Pros and cons of raising money via a token sale in the UK now / other considerations?
In light of the draft FCA guidance, a key question to be answered is whether a token is classed as a ‘security’. If it is not (and is instead seen as an ‘exchange’ or ‘utility’ token) then it is likely to fall outside the regulatory oversight of the FCA.
However, even if a token is not subject to FCA oversight, another key development that needs to be considered is the upcoming implementation of the EU 5th Anti-Money Laundering Directive (5MLD). 5MLD extends KYC / anti-money laundering (AML) checks to cryptoasset exchanges, which are defined as ‘providers engaged in exchange services between cryptoassets and fiat currencies’ (for example, Coinbase or Circle).
On April 15 HMT launched a consultation on the implementation of 5MLD, and is seeking input on whether the scope of 5MLD should be extended so that customer due diligence (CDD) is needed for the following:
- Cryptoasset ATMs
- Crypto to crypto exchange services
- Peer to peer exchange services
- Issuance of cryptoassets – ICOs
- Publication of open-source software (this proposal is the most alarming and it is unclear how this would work in practice, or what it is intended to achieve)
As it stands exchanges and token issuers have had little to no AML / CDD compliance requirements. Crypto to fiat exchanges will be required to comply with 5MLD, and it is possible that this regulatory burden may extend to token issuers. In such circumstances Identifying and verifying investors would become a key risk factor for issuers.
I expect 5MLD to be transposed into English and Welsh law regardless of the outcome of the ongoing Brexit negotiations, not least because the UK played a key role in its negotiation.

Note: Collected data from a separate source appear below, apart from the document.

definition master_opt :: "(edge set \<Rightarrow> edge set \<Rightarrow> real) \<Rightarrow> edge set set \<Rightarrow> edge set set
                           \<Rightarrow> real \<Rightarrow> edge set \<Rightarrow> bool" where
  "master_opt ct F C \<theta> Y \<longleftrightarrow> master_feasible ct F C \<theta> Y
     \<and> (\<forall>\<theta>' Y'. master_feasible ct F C \<theta>' Y' \<longrightarrow> \<theta> \<le> \<theta>')"

end

theory Submission
  imports Defs
begin

text \<open>
  Each cut \<open>C(ybar)\<close> is a lower bound for \<open>FR\<close> on all of \<open>{0,1}\<^sup>Z\<close> that is tight
  at \<open>ybar\<close>: a point \<open>y \<noteq> ybar\<close> either drops an edge \<open>e\<close> of \<open>ybar\<close> or adds an edge
  outside \<open>ybar\<close>, and the \<open>\<gamma>\<close>-term of that edge is at most \<open>FR(y)\<close> (for \<open>C\<^sub>2\<close> one takes the
  last added edge in the ordering). So a point whose cut is already present is never
  proposed again with \<open>\<theta> < FR\<close>, the method visits distinct points of a finite set and stops,
  and at termination \<open>\<theta>\<^sup>*\<close> is a lower bound for every \<open>FR(y)\<close> that is attained at \<open>y\<^sup>*\<close>.
  The constraint \<open>\<theta> \<ge> 0\<close> is harmless because \<open>FR \<ge> 0\<close>: the damped walk has a unique
  stationary distribution (existence by a Neumann series, uniqueness by \<open>\<ell>\<^sub>1\<close>-contraction),
  so PageRank is a probability vector.
\<close>

definition stochastic_on :: "'a set \<Rightarrow> ('a \<Rightarrow> 'a \<Rightarrow> real) \<Rightarrow> bool" where
  "stochastic_on V P \<longleftrightarrow> (\<forall>i\<in>V. \<forall>j\<in>V. 0 \<le> P i j) \<and> (\<forall>i\<in>V. (\<Sum>j\<in>V. P i j) = 1)"

definition damped_stationary ::
    "'a set \<Rightarrow> real \<Rightarrow> ('a \<Rightarrow> 'a \<Rightarrow> real) \<Rightarrow> ('a \<Rightarrow> real) \<Rightarrow> ('a \<Rightarrow> real) \<Rightarrow> bool" where
  "damped_stationary V c P z \<pi> \<longleftrightarrow> (\<forall>j. 0 \<le> \<pi> j) \<and> (\<forall>j. j \<notin> V \<longrightarrow> \<pi> j = 0) \<and> sum \<pi> V = 1
     \<and> (\<forall>j\<in>V. (\<Sum>i\<in>V. \<pi> i * (c * P i j + (1 - c) * z j)) = \<pi> j)"

primrec walk_distr :: "'a set \<Rightarrow> ('a \<Rightarrow> 'a \<Rightarrow> real) \<Rightarrow> ('a \<Rightarrow> real) \<Rightarrow> nat \<Rightarrow> 'a \<Rightarrow> real" where
  "walk_distr V P z 0 = z"
| "walk_distr V P z (Suc k) = (\<lambda>j. \<Sum>i\<in>V. walk_distr V P z k i * P i j)"

lemma sum_mult_stochastic:
  assumes "stochastic_on V P"
  shows "(\<Sum>j\<in>V. \<Sum>i\<in>V. x i * P i j) = (\<Sum>i\<in>V. x i)"
proof -
  have "(\<Sum>j\<in>V. \<Sum>i\<in>V. x i * P i j) = (\<Sum>i\<in>V. x i * (\<Sum>j\<in>V. P i j))"
    by (subst sum.swap) (simp add: sum_distrib_left)
  also have "\<dots> = (\<Sum>i\<in>V. x i)"
    using assms by (simp add: stochastic_on_def)
  finally show ?thesis .
qed

lemma l1_norm_mult_stochastic_le:
  assumes "stochastic_on V P"
  shows "(\<Sum>j\<in>V. \<bar>\<Sum>i\<in>V. x i * P i j\<bar>) \<le> (\<Sum>i\<in>V. \<bar>x i\<bar>)"
proof -
  have "(\<Sum>j\<in>V. \<bar>\<Sum>i\<in>V. x i * P i j\<bar>) \<le> (\<Sum>j\<in>V. \<Sum>i\<in>V. \<bar>x i\<bar> * P i j)"
    using assms by (intro sum_mono order.trans[OF sum_abs]) (simp add: abs_mult stochastic_on_def)
  also have "\<dots> = (\<Sum>i\<in>V. \<bar>x i\<bar>)"
    using assms by (rule sum_mult_stochastic)
  finally show ?thesis .
qed

lemma walk_distr_nonneg:
  assumes "stochastic_on V P" "\<forall>j\<in>V. 0 \<le> z j" "j \<in> V"
  shows "0 \<le> walk_distr V P z k j"
  using assms(3) by (induction k arbitrary: j)
    (use assms(1,2) in \<open>auto simp: stochastic_on_def intro!: sum_nonneg\<close>)

lemma walk_distr_sum:
  assumes "stochastic_on V P" "sum z V = 1"
  shows "sum (walk_distr V P z k) V = 1"
  by (induction k) (simp_all add: assms sum_mult_stochastic)

lemma damped_step_eq:
  fixes \<pi> :: "'a \<Rightarrow> real"
  assumes "sum \<pi> V = 1"
  shows "(\<Sum>i\<in>V. \<pi> i * (c * P i j + (1 - c) * z j)) = c * (\<Sum>i\<in>V. \<pi> i * P i j) + (1 - c) * z j"
proof -
  have "(\<Sum>i\<in>V. \<pi> i * (c * P i j + (1 - c) * z j))
      = (\<Sum>i\<in>V. c * (\<pi> i * P i j) + (1 - c) * z j * \<pi> i)"
    by (intro sum.cong) (simp_all add: algebra_simps)
  also have "\<dots> = c * (\<Sum>i\<in>V. \<pi> i * P i j) + (1 - c) * z j * sum \<pi> V"
    by (simp add: sum.distrib sum_distrib_left)
  finally show ?thesis using assms by simp
qed

text \<open>The witness is the Neumann series \<open>s = \<Sum>\<^sub>k c\<^sup>k z P\<^sup>k = z (I - c P)\<^sup>-\<^sup>1\<close>.\<close>
lemma resolvent_solution_exists:
  assumes V: "finite V" and c: "0 \<le> c" "c < 1" and P: "stochastic_on V P"
    and z: "\<forall>j\<in>V. 0 \<le> z j" "sum z V = 1"
  obtains s where "\<forall>j\<in>V. 0 \<le> s j" and "\<forall>j\<in>V. s j = c * (\<Sum>i\<in>V. s i * P i j) + z j"
proof
  define w where "w = walk_distr V P z"
  have w_nonneg: "0 \<le> w k j" if "j \<in> V" for k j
    unfolding w_def using P z(1) that by (rule walk_distr_nonneg)
  have w_le_1: "w k j \<le> 1" if "j \<in> V" for k j
  proof -
    have "w k j \<le> sum (w k) V"
      using V that w_nonneg by (intro member_le_sum) auto
    then show ?thesis using walk_distr_sum[OF P z(2)] by (simp add: w_def)
  qed
  define s where "s j = (\<Sum>k. c^k * w k j)" for j
  have sums: "(\<lambda>k. c^k * w k j) sums s j" if "j \<in> V" for j
  proof -
    have "summable (\<lambda>k. c^k * w k j)"
      using c w_nonneg[OF that] w_le_1[OF that]
      by (intro summable_comparison_test[OF _ summable_geometric[of c]])
         (auto intro!: mult_left_le)
    then show ?thesis by (simp add: s_def summable_sums)
  qed
  show "\<forall>j\<in>V. 0 \<le> s j"
  proof
    fix j assume "j \<in> V"
    then show "0 \<le> s j"
      unfolding s_def using sums_summable[OF sums] c w_nonneg by (simp add: suminf_nonneg)
  qed
  show "\<forall>j\<in>V. s j = c * (\<Sum>i\<in>V. s i * P i j) + z j"
  proof
    fix j assume j: "j \<in> V"
    have "(\<lambda>k. \<Sum>i\<in>V. c^k * w k i * P i j) sums (\<Sum>i\<in>V. s i * P i j)"
      using sums by (intro sums_sum sums_mult2) auto
    then have "(\<lambda>k. c * (\<Sum>i\<in>V. c^k * w k i * P i j)) sums (c * (\<Sum>i\<in>V. s i * P i j))"
      by (rule sums_mult)
    moreover have "(\<lambda>k. c * (\<Sum>i\<in>V. c^k * w k i * P i j)) = (\<lambda>k. c^Suc k * w (Suc k) j)"
      by (simp add: w_def sum_distrib_left mult_ac)
    ultimately have "(\<lambda>k. c^Suc k * w (Suc k) j) sums (c * (\<Sum>i\<in>V. s i * P i j))"
      by simp
    then have "(\<lambda>k. c^k * w k j) sums (c * (\<Sum>i\<in>V. s i * P i j) + z j)"
      by (subst (asm) sums_Suc_iff) (simp add: w_def)
    then show "s j = c * (\<Sum>i\<in>V. s i * P i j) + z j"
      using sums[OF j] sums_unique2 by blast
  qed
qed

lemma damped_stationary_exists:
  assumes V: "finite V" and c: "0 \<le> c" "c < 1" and P: "stochastic_on V P"
    and z: "\<forall>j\<in>V. 0 \<le> z j" "sum z V = 1"
  shows "\<exists>\<pi>. damped_stationary V c P z \<pi>"
proof -
  obtain s where s_nonneg: "\<forall>j\<in>V. 0 \<le> s j"
    and s_eq: "\<forall>j\<in>V. s j = c * (\<Sum>i\<in>V. s i * P i j) + z j"
    by (rule resolvent_solution_exists[OF assms])
  have "sum s V = (\<Sum>j\<in>V. c * (\<Sum>i\<in>V. s i * P i j) + z j)"
    using s_eq by (intro sum.cong) blast+
  also have "\<dots> = c * (\<Sum>j\<in>V. \<Sum>i\<in>V. s i * P i j) + sum z V"
    by (simp add: sum.distrib sum_distrib_left)
  finally have "sum s V = c * (\<Sum>j\<in>V. \<Sum>i\<in>V. s i * P i j) + sum z V" .
  then have s_fix: "sum s V = c * sum s V + 1"
    using P z(2) by (simp add: sum_mult_stochastic)
  have s_sum: "(1 - c) * sum s V = 1"
    unfolding left_diff_distrib using s_fix by linarith
  define \<pi> where "\<pi> j = (if j \<in> V then (1 - c) * s j else 0)" for j
  have \<pi>_sum: "sum \<pi> V = 1"
    using s_sum by (simp add: \<pi>_def sum_distrib_left)
  have "damped_stationary V c P z \<pi>"
    unfolding damped_stationary_def
  proof (intro conjI allI impI ballI \<pi>_sum)
    fix j
    show "0 \<le> \<pi> j" using s_nonneg c by (simp add: \<pi>_def)
    show "j \<notin> V \<Longrightarrow> \<pi> j = 0" by (simp add: \<pi>_def)
    assume j: "j \<in> V"
    have "(\<Sum>i\<in>V. \<pi> i * (c * P i j + (1 - c) * z j)) = c * (\<Sum>i\<in>V. \<pi> i * P i j) + (1 - c) * z j"
      by (rule damped_step_eq[OF \<pi>_sum])
    also have "\<dots> = (1 - c) * (c * (\<Sum>i\<in>V. s i * P i j) + z j)"
      by (simp add: \<pi>_def sum_distrib_left algebra_simps)
    also have "\<dots> = \<pi> j"
      using j s_eq[rule_format, OF j] by (simp add: \<pi>_def)
    finally show "(\<Sum>i\<in>V. \<pi> i * (c * P i j + (1 - c) * z j)) = \<pi> j" .
  qed
  then show ?thesis by blast
qed

text \<open>Two stationary vectors differ by \<open>d = c d P\<close>, and \<open>P\<close> does not increase the \<open>\<ell>\<^sub>1\<close> norm.\<close>
lemma damped_stationary_unique:
  assumes V: "finite V" and c: "0 \<le> c" "c < 1" and P: "stochastic_on V P"
    and \<pi>: "damped_stationary V c P z \<pi>" and \<pi>': "damped_stationary V c P z \<pi>'"
  shows "\<pi> = \<pi>'"
proof -
  define d where "d i = \<pi> i - \<pi>' i" for i
  have eq: "\<pi> j = c * (\<Sum>i\<in>V. \<pi> i * P i j) + (1 - c) * z j"
    and eq': "\<pi>' j = c * (\<Sum>i\<in>V. \<pi>' i * P i j) + (1 - c) * z j" if "j \<in> V" for j
    using \<pi> \<pi>' that by (auto simp: damped_stationary_def damped_step_eq)
  have dP: "(\<Sum>i\<in>V. d i * P i j) = (\<Sum>i\<in>V. \<pi> i * P i j) - (\<Sum>i\<in>V. \<pi>' i * P i j)" for j
    by (simp add: d_def left_diff_distrib sum_subtractf)
  have "d j = c * (\<Sum>i\<in>V. d i * P i j)" if "j \<in> V" for j
    using eq[OF that] eq'[OF that] unfolding dP by (simp only: d_def right_diff_distrib)
  then have d_eq: "\<bar>d j\<bar> = c * \<bar>\<Sum>i\<in>V. d i * P i j\<bar>" if "j \<in> V" for j
    using that c by (simp add: abs_mult)
  have "(\<Sum>j\<in>V. \<bar>d j\<bar>) \<le> c * (\<Sum>j\<in>V. \<bar>d j\<bar>)"
    using d_eq c l1_norm_mult_stochastic_le[OF P, of d]
    by (simp add: sum_distrib_left[symmetric] mult_left_mono)
  then have "(1 - c) * (\<Sum>j\<in>V. \<bar>d j\<bar>) \<le> 0"
    by (simp add: left_diff_distrib)
  then have "(\<Sum>j\<in>V. \<bar>d j\<bar>) \<le> 0"
    using c by (simp add: mult_le_0_iff)
  then have "(\<Sum>j\<in>V. \<bar>d j\<bar>) = 0"
    by (simp add: antisym sum_nonneg)
  then have "\<forall>j\<in>V. d j = 0"
    using V by (simp add: sum_nonneg_eq_0_iff)
  moreover have "\<pi> j = 0" "\<pi>' j = 0" if "j \<notin> V" for j
    using \<pi> \<pi>' that unfolding damped_stationary_def by blast+
  ultimately show ?thesis
    unfolding fun_eq_iff d_def by (metis right_minus_eq)
qed

definition walk_matrix :: "(nat \<Rightarrow> real) \<Rightarrow> edge set \<Rightarrow> nat \<Rightarrow> nat \<Rightarrow> real" where
  "walk_matrix z A i j =
     (if outdeg A i = 0 then z j else if (i, j) \<in> A then 1 / real (outdeg A i) else 0)"

lemma google_eq_walk_matrix: "google c z A i j = c * walk_matrix z A i j + (1 - c) * z j"
  by (simp add: google_def walk_matrix_def)

lemma stochastic_walk_matrix:
  assumes V: "finite V" and A: "A \<subseteq> V \<times> V" and z: "\<forall>j\<in>V. 0 \<le> z j" "sum z V = 1"
  shows "stochastic_on V (walk_matrix z A)"
  unfolding stochastic_on_def
proof (intro conjI ballI)
  fix i j assume "i \<in> V" "j \<in> V"
  show "0 \<le> walk_matrix z A i j" using z \<open>j \<in> V\<close> by (simp add: walk_matrix_def)
next
  fix i assume "i \<in> V"
  show "(\<Sum>j\<in>V. walk_matrix z A i j) = 1"
  proof (cases "outdeg A i = 0")
    case True
    then show ?thesis using z by (simp add: walk_matrix_def)
  next
    case False
    have succ: "{j \<in> V. (i, j) \<in> A} = {j. (i, j) \<in> A}" using A by auto
    have "(\<Sum>j\<in>V. walk_matrix z A i j) = (\<Sum>j\<in>V. if (i, j) \<in> A then 1 / real (outdeg A i) else 0)"
      using False by (simp add: walk_matrix_def)
    also have "\<dots> = (\<Sum>j\<in>{j \<in> V. (i, j) \<in> A}. 1 / real (outdeg A i))"
      by (rule sum.inter_filter[OF V, symmetric])
    also have "\<dots> = 1"
      using False by (simp add: succ outdeg_def)
    finally show ?thesis .
  qed
qed

lemma pagerank_damped_stationary:
  assumes A: "A \<subseteq> {1..n} \<times> {1..n}" and c: "0 \<le> c" "c < 1"
    and z: "\<forall>j\<in>{1..n}. 0 \<le> z j" "(\<Sum>j\<in>{1..n}. z j) = 1"
  shows "damped_stationary {1..n} c (walk_matrix z A) z (pagerank n c z A)"
proof -
  have V: "finite {1..n}" by simp
  have P: "stochastic_on {1..n} (walk_matrix z A)"
    using V A z by (rule stochastic_walk_matrix)
  have "\<exists>!\<pi>. damped_stationary {1..n} c (walk_matrix z A) z \<pi>"
    using damped_stationary_exists[OF V c P z] damped_stationary_unique[OF V c P] by blast
  moreover have "pagerank n c z A = (THE \<pi>. damped_stationary {1..n} c (walk_matrix z A) z \<pi>)"
    unfolding pagerank_def damped_stationary_def google_eq_walk_matrix ..
  ultimately show ?thesis
    by (simp only: theI')
qed

lemma first_return_nonneg:
  assumes "A \<subseteq> {1..n} \<times> {1..n}" "0 \<le> c" "c < 1"
    and "\<forall>j\<in>{1..n}. 0 \<le> z j" "(\<Sum>j\<in>{1..n}. z j) = 1"
  shows "0 \<le> first_return n c z v A"
  using pagerank_damped_stationary[OF assms]
  by (simp add: first_return_def damped_stationary_def)

lemma gamma_le:
  assumes "finite Z" "Y \<subseteq> Z" "S \<subseteq> Y" "Y \<inter> N = {}"
  shows "gamma fr Z S N \<le> fr Y"
proof -
  have "finite {Y. Y \<subseteq> Z \<and> S \<subseteq> Y \<and> Y \<inter> N = {}}"
    using assms(1) by (rule rev_finite_subset[OF finite_Pow_iff[THEN iffD2]]) auto
  then show ?thesis
    unfolding gamma_def using assms by (intro Min_le) auto
qed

The UK may end up enacting more stringent AML laws than the rest of Europe, which may drive firms to other jurisdictions with more light touch compliance regimes. Another possibility is that a more robust regulatory regime may engender confidence in the UK as a place to deal with cryptoassets (as is the case with existing public offerings). Time will tell.
Where do you see the space evolving in the next 3-5 years?
Where there is regulation enforcement action, sanctions and litigation will follow. I expect the FCA to take the lead here and establishing its regulatory perimeter should lead to greater certainty and will hopefully maintain the UK’s position as one of the leading cryptoasset jurisdictions.
While the upcoming FCA guidance will help provide much needed clarity I expect litigation to follow around the classification of tokens as the market develops. In particular there is a grey area between utility tokens and security tokens and consumers may be prejudiced by a token not being classed as a security.
I see security token offerings (STOs) becoming part of the investment landscape and, in certain circumstances, they offer an innovative method of fundraising. It may also be seen as a badge of honor to launch a STO that is FCA compliant. However investors should carefully consider the viability of the company itself. A company with little underlying value or potential does not suddenly become a good prospect merely by pursuing a STO.
The FCA has also strongly hinted that it will ban the sale of crypto derivatives such as contracts for difference and futures to retail investors later this year, on the basis they carry a high risk of loss.
I also expect to see the continued development of permissioned enterprise blockchains, and anticipate such platforms will be integrated into existing architecture to the extent that end users are unaware they are interacting with a blockchain (much in the same way people use web browsers without any awareness or knowledge of HTML).